Excerpted data –
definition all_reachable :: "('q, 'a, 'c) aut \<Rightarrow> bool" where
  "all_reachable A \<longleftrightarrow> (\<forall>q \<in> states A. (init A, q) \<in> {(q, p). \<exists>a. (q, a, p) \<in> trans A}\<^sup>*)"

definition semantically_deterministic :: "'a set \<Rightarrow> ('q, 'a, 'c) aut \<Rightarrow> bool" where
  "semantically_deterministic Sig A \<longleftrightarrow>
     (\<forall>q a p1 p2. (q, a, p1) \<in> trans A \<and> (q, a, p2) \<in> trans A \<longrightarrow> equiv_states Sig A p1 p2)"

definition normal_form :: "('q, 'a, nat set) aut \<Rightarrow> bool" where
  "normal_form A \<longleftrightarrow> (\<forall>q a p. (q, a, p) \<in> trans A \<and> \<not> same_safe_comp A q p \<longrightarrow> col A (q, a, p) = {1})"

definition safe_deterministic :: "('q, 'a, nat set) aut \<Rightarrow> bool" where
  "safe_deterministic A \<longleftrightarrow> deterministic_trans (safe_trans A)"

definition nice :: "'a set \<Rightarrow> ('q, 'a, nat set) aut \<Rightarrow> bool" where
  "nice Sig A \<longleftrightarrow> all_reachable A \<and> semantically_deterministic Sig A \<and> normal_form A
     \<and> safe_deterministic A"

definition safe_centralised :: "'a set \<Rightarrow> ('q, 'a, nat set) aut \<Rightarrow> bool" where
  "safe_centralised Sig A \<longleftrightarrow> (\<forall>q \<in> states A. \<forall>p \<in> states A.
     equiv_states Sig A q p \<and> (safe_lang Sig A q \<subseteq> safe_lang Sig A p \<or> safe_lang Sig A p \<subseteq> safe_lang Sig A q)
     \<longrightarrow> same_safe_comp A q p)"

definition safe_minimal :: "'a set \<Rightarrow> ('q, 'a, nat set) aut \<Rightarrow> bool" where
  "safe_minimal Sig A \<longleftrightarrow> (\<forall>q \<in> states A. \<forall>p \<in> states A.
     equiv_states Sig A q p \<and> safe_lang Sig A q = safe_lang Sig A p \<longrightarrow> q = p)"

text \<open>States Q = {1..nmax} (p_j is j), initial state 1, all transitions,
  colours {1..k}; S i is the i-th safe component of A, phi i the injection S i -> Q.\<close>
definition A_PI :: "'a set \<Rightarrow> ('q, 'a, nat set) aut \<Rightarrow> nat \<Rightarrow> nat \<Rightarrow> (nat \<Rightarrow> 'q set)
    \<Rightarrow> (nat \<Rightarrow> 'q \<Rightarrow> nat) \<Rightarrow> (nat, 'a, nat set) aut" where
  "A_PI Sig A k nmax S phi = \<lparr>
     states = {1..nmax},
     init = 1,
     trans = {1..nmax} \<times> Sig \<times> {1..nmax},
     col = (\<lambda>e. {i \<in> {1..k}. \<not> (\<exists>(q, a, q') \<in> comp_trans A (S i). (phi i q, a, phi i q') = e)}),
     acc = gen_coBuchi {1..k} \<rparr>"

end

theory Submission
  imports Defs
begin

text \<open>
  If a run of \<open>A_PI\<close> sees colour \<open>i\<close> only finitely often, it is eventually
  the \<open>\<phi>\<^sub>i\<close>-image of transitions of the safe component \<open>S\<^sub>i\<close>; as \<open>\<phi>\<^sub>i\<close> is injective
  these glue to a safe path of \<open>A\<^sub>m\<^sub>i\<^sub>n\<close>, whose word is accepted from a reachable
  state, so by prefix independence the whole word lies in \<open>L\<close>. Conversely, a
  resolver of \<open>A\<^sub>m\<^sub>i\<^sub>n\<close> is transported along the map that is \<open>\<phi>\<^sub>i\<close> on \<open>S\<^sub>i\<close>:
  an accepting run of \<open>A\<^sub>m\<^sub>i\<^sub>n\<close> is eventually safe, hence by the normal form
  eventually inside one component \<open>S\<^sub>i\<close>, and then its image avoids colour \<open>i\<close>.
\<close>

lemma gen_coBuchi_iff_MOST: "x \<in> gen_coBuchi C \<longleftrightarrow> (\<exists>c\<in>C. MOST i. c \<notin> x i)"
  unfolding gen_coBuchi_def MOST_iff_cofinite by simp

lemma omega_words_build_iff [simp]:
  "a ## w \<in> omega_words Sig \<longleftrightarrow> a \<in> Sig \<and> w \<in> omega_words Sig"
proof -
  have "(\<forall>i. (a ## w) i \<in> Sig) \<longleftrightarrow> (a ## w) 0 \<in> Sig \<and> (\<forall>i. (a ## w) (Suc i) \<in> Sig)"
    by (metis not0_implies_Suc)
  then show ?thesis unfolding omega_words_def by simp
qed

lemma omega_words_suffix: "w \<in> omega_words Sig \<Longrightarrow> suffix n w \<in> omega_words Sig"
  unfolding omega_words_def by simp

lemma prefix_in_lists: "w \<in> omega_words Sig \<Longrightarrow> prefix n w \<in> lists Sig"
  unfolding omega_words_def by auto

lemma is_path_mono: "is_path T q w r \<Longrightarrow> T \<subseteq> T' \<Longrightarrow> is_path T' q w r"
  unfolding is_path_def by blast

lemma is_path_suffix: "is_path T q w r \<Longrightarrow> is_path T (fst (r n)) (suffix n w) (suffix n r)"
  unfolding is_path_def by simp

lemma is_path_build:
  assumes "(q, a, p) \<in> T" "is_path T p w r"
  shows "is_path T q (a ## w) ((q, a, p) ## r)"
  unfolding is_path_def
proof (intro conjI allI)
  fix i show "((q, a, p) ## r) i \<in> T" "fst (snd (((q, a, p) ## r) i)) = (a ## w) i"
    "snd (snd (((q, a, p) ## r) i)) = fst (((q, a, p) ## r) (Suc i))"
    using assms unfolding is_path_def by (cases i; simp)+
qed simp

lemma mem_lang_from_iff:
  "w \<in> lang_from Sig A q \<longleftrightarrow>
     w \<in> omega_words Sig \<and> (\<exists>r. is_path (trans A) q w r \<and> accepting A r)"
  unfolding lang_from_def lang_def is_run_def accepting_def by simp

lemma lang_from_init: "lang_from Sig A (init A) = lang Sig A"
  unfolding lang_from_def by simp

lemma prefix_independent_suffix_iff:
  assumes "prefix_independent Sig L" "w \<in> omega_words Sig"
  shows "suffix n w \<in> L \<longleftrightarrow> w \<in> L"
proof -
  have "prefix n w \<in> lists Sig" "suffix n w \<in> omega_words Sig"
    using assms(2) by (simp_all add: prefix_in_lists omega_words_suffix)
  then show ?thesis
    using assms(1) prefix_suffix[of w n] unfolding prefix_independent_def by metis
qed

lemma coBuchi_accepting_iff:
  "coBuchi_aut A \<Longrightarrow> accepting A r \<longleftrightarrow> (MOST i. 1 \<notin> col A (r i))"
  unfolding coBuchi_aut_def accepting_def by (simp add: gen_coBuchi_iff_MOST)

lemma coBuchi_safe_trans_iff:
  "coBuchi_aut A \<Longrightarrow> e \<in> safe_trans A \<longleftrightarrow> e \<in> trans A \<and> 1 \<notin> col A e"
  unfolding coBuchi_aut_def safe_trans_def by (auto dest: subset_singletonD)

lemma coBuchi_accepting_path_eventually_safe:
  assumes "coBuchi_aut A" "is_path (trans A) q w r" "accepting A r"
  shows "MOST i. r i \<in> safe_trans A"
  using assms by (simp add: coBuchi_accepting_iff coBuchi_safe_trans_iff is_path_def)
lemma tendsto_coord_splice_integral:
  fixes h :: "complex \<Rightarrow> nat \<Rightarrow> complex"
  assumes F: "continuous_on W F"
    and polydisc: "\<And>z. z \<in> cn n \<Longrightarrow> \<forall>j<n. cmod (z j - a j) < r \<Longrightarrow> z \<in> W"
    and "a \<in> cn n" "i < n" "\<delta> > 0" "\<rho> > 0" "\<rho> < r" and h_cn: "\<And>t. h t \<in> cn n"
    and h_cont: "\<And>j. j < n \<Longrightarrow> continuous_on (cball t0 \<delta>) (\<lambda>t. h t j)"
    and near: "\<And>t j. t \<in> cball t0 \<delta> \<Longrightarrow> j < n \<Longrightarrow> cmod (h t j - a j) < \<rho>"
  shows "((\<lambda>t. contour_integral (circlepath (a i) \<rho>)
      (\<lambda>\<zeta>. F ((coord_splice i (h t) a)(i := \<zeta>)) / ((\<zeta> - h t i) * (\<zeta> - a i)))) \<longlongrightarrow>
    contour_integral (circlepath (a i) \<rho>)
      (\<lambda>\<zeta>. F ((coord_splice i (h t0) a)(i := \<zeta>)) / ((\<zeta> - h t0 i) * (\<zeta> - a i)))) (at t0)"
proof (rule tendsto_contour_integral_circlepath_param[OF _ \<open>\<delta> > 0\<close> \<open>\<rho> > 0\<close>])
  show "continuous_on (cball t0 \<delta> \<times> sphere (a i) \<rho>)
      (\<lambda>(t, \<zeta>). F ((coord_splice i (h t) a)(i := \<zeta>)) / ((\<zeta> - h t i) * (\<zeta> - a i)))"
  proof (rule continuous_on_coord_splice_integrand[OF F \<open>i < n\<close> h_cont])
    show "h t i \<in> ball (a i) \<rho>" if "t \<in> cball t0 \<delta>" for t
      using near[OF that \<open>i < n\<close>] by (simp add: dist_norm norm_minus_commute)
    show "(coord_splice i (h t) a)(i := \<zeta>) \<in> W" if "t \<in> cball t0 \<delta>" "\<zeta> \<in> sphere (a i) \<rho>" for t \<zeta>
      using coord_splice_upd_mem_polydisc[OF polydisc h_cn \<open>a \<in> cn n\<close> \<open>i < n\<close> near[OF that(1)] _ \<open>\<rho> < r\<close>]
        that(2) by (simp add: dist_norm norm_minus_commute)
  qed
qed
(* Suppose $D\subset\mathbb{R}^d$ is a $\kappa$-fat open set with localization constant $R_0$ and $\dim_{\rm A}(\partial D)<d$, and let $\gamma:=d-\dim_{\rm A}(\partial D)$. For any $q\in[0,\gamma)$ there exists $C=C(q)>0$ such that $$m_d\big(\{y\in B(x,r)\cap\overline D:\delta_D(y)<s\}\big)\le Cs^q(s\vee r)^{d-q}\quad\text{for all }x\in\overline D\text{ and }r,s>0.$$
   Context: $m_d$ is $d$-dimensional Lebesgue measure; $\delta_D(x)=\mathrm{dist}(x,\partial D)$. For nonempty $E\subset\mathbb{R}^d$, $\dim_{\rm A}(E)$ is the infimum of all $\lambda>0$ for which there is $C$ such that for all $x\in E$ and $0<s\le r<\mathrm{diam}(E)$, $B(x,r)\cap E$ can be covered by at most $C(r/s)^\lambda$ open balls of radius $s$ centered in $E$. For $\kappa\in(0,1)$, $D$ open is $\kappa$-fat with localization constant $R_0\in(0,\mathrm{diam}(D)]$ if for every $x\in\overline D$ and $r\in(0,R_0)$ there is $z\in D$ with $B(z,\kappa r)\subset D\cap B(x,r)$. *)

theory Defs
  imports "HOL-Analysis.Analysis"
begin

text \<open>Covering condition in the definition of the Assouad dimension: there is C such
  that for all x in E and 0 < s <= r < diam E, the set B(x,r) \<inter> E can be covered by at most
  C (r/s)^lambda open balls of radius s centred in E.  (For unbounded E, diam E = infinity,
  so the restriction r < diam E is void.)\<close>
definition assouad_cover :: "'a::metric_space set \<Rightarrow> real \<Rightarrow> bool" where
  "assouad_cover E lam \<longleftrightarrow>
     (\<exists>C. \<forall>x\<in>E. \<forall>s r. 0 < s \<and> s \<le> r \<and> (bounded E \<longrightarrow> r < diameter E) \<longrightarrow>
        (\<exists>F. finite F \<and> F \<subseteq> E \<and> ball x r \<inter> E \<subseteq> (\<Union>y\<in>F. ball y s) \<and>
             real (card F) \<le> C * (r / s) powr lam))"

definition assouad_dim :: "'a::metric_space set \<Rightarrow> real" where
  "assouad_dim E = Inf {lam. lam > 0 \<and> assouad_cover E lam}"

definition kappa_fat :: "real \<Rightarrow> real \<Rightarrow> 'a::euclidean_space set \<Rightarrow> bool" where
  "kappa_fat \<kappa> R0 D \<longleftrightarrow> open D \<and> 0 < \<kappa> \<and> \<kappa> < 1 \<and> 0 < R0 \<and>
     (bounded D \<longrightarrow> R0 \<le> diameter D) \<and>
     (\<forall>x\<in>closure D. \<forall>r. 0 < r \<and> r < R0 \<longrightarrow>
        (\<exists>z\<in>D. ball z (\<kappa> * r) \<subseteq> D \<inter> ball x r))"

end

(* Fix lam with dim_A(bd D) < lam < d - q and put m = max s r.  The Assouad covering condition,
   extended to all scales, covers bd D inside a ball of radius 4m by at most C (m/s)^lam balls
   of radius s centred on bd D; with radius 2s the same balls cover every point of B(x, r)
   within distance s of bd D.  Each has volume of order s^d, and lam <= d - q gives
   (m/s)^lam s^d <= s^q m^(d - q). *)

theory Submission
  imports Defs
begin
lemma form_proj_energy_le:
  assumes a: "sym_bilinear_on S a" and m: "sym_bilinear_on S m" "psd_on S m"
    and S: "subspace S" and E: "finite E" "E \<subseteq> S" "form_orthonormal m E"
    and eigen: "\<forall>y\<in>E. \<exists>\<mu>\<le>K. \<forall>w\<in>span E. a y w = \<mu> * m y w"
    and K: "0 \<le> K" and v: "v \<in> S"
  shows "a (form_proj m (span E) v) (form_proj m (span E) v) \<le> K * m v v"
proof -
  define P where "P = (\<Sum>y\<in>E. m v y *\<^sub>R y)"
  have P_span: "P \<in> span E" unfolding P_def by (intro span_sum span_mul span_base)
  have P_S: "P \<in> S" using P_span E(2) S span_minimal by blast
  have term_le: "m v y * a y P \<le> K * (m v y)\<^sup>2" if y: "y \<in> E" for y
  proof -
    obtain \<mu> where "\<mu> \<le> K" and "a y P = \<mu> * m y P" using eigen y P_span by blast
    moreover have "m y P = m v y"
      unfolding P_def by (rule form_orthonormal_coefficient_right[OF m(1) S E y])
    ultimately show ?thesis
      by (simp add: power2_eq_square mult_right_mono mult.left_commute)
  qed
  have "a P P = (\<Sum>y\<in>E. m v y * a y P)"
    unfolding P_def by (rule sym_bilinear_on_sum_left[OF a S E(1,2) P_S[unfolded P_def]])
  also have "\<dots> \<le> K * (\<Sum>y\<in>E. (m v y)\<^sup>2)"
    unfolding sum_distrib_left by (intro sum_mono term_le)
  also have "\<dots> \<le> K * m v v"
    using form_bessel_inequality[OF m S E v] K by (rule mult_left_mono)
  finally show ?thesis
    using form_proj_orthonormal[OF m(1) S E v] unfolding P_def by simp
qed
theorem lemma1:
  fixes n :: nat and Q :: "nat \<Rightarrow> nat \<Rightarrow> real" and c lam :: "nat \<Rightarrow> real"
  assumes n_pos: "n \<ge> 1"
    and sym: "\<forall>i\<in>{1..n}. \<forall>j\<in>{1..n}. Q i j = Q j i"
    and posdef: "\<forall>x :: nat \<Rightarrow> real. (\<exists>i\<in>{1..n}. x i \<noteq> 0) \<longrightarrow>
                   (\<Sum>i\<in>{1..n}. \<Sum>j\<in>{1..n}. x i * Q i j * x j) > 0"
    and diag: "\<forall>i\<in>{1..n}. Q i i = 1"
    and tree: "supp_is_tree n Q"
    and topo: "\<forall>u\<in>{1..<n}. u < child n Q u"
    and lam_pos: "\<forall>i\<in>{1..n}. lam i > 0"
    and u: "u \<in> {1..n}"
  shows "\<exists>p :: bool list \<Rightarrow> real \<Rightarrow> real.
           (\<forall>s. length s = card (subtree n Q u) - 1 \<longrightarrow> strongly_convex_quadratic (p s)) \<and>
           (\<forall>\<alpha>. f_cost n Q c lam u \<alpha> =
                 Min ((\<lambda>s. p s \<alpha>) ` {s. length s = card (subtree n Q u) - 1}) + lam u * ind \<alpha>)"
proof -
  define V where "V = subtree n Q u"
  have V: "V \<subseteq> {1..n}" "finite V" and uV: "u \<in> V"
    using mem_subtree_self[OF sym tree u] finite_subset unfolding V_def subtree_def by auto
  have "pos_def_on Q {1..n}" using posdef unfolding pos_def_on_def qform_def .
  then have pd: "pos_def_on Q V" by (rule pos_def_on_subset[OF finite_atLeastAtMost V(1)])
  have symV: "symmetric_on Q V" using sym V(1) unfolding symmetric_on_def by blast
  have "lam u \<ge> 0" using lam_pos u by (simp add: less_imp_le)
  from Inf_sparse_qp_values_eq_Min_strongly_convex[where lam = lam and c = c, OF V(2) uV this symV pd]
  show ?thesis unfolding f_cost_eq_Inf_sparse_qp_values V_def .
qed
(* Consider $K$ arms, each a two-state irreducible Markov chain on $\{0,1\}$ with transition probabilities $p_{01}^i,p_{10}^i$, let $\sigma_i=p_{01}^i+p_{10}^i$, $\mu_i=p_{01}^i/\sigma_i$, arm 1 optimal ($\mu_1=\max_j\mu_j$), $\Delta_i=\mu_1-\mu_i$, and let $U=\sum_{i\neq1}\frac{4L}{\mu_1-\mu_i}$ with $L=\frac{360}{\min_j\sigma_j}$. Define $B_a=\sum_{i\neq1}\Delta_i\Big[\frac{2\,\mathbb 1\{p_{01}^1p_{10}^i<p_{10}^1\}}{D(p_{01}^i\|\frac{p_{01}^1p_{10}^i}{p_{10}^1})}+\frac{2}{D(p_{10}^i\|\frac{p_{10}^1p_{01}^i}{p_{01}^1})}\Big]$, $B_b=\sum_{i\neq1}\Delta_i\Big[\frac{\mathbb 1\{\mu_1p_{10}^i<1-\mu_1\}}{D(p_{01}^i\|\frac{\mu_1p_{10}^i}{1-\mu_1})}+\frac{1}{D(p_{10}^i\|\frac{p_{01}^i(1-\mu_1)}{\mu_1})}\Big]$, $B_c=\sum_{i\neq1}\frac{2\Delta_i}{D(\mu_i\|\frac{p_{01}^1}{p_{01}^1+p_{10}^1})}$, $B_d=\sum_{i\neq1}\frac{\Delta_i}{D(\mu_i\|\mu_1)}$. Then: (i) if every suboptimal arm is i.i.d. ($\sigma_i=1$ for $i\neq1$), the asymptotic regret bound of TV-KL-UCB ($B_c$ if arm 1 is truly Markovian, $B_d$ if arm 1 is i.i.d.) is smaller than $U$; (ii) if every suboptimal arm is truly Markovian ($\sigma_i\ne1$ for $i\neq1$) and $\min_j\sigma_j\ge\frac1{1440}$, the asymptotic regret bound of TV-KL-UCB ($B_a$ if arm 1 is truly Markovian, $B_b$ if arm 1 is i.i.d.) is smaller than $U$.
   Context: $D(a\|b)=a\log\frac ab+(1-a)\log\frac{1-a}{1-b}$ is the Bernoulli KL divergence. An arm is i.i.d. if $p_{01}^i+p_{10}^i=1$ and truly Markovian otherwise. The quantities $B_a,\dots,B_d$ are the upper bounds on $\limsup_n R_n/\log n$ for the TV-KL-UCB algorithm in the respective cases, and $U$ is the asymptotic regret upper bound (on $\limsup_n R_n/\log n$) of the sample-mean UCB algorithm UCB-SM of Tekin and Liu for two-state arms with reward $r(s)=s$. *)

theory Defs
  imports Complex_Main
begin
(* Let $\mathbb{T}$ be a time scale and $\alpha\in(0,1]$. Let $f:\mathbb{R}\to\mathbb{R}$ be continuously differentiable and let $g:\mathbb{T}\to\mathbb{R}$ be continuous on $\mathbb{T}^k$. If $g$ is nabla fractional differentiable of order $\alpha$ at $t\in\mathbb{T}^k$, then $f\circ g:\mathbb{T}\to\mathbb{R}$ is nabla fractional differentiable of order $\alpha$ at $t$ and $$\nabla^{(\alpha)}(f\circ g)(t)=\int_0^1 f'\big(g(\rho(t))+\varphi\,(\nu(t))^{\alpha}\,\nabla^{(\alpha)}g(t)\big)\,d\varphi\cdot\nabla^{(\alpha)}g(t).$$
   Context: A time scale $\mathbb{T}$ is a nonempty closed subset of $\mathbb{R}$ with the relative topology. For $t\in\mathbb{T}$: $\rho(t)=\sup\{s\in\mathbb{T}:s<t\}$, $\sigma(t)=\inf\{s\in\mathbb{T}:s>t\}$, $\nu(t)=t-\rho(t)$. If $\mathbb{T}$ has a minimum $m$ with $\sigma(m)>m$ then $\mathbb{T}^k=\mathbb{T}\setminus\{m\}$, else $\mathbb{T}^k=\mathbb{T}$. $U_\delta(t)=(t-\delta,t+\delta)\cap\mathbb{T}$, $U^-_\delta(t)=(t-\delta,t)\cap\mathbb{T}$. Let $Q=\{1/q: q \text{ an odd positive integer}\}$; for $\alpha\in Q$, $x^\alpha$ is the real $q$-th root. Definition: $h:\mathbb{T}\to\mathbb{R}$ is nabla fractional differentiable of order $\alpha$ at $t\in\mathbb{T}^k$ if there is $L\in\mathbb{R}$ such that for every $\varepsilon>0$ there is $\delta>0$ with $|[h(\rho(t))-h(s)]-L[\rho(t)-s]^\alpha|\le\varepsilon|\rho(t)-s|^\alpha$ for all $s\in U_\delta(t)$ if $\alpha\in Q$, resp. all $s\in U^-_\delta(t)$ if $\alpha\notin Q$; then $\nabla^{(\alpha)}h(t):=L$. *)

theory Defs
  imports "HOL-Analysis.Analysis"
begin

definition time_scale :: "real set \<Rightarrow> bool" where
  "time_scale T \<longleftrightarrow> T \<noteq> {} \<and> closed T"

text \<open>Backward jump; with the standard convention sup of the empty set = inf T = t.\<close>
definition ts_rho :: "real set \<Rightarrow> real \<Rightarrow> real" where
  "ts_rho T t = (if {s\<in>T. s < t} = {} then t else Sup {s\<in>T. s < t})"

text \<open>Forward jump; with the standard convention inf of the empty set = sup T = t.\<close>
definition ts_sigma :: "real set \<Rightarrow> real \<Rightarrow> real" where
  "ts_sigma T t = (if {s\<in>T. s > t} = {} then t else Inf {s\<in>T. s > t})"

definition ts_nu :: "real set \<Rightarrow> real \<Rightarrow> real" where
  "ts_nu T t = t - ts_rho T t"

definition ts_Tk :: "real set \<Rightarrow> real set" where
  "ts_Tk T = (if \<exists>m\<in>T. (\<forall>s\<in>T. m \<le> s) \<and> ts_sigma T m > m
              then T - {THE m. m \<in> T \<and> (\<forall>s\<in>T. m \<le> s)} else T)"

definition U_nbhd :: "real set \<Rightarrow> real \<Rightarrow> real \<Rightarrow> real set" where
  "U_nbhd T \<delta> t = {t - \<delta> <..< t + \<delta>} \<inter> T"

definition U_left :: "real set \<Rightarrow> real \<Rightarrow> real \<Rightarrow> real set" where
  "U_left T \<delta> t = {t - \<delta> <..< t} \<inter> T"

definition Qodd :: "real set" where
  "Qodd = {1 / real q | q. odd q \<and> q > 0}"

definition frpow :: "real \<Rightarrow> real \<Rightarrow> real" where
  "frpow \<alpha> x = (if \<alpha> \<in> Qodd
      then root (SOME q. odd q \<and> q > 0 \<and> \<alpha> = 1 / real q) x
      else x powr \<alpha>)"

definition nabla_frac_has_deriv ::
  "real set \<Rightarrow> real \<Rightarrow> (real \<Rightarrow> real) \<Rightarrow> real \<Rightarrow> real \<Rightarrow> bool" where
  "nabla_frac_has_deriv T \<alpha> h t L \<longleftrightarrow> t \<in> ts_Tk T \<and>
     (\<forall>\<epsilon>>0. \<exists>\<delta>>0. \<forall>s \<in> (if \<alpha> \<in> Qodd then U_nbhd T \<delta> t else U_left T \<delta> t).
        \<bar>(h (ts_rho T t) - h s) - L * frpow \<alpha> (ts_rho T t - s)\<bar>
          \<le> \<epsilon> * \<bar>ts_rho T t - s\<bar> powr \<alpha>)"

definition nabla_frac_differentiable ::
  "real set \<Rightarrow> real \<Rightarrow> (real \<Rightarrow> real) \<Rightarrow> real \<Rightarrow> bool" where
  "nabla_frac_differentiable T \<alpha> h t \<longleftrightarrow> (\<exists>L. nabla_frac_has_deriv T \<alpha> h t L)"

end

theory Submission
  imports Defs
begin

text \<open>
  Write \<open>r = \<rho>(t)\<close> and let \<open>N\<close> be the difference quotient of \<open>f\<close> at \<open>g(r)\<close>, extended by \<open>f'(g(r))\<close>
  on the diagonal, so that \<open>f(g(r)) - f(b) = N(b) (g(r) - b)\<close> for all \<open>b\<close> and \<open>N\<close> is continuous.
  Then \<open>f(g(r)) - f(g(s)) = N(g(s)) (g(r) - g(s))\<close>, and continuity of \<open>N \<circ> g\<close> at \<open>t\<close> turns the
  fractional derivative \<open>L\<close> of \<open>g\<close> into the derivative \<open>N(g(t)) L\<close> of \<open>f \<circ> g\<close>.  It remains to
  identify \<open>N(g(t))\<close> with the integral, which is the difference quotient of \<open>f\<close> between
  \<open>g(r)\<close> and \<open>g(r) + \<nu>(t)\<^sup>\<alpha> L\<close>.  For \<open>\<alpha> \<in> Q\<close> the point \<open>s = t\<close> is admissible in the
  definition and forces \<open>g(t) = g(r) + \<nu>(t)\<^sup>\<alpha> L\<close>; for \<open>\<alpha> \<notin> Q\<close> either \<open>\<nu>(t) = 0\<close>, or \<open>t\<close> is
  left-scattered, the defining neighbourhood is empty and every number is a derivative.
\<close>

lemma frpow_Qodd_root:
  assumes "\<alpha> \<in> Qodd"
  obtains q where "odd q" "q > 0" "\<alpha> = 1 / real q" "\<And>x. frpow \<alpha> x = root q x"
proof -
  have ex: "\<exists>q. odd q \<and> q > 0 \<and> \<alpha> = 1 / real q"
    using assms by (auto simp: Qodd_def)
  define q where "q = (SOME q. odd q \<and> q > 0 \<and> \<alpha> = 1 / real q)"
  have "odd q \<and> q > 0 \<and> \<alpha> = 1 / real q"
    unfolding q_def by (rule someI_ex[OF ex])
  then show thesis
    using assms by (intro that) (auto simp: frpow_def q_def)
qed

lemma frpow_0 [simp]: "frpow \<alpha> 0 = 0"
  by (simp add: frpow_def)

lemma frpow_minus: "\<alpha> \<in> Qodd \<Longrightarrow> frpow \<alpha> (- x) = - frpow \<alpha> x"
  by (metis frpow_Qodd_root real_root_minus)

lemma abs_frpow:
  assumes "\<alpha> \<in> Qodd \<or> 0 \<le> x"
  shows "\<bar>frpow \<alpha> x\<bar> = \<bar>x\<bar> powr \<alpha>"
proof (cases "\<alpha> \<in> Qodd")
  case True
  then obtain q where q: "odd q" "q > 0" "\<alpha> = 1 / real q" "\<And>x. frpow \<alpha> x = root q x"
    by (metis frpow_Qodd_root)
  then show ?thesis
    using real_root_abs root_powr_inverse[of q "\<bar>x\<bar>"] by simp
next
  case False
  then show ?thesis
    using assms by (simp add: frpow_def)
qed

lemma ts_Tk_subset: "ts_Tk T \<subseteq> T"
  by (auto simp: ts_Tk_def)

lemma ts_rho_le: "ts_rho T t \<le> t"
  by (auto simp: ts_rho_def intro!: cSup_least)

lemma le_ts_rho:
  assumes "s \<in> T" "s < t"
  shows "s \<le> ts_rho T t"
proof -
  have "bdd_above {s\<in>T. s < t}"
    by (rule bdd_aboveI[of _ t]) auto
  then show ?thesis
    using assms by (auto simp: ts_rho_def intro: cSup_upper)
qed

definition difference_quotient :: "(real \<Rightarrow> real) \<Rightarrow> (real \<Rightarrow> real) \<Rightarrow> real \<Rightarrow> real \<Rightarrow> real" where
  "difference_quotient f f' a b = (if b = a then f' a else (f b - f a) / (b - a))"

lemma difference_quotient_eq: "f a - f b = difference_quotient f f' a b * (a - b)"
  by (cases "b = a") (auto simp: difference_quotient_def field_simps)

What the task requires –
Exactly as written, please reproduce the lines from the first line of the data to the line containing "(\<forall>q a p.", inclusive, and nothing else.

Your response –
definition all_reachable :: "('q, 'a, 'c) aut \<Rightarrow> bool" where
  "all_reachable A \<longleftrightarrow> (\<forall>q \<in> states A. (init A, q) \<in> {(q, p). \<exists>a. (q, a, p) \<in> trans A}\<^sup>*)"

definition semantically_deterministic :: "'a set \<Rightarrow> ('q, 'a, 'c) aut \<Rightarrow> bool" where
  "semantically_deterministic Sig A \<longleftrightarrow>
     (\<forall>q a p1 p2. (q, a, p1) \<in> trans A \<and> (q, a, p2) \<in> trans A \<longrightarrow> equiv_states Sig A p1 p2)"

definition normal_form :: "('q, 'a, nat set) aut \<Rightarrow> bool" where
  "normal_form A \<longleftrightarrow> (\<forall>q a p. (q, a, p) \<in> trans A \<and> \<not> same_safe_comp A q p \<longrightarrow> col A (q, a, p) = {1})"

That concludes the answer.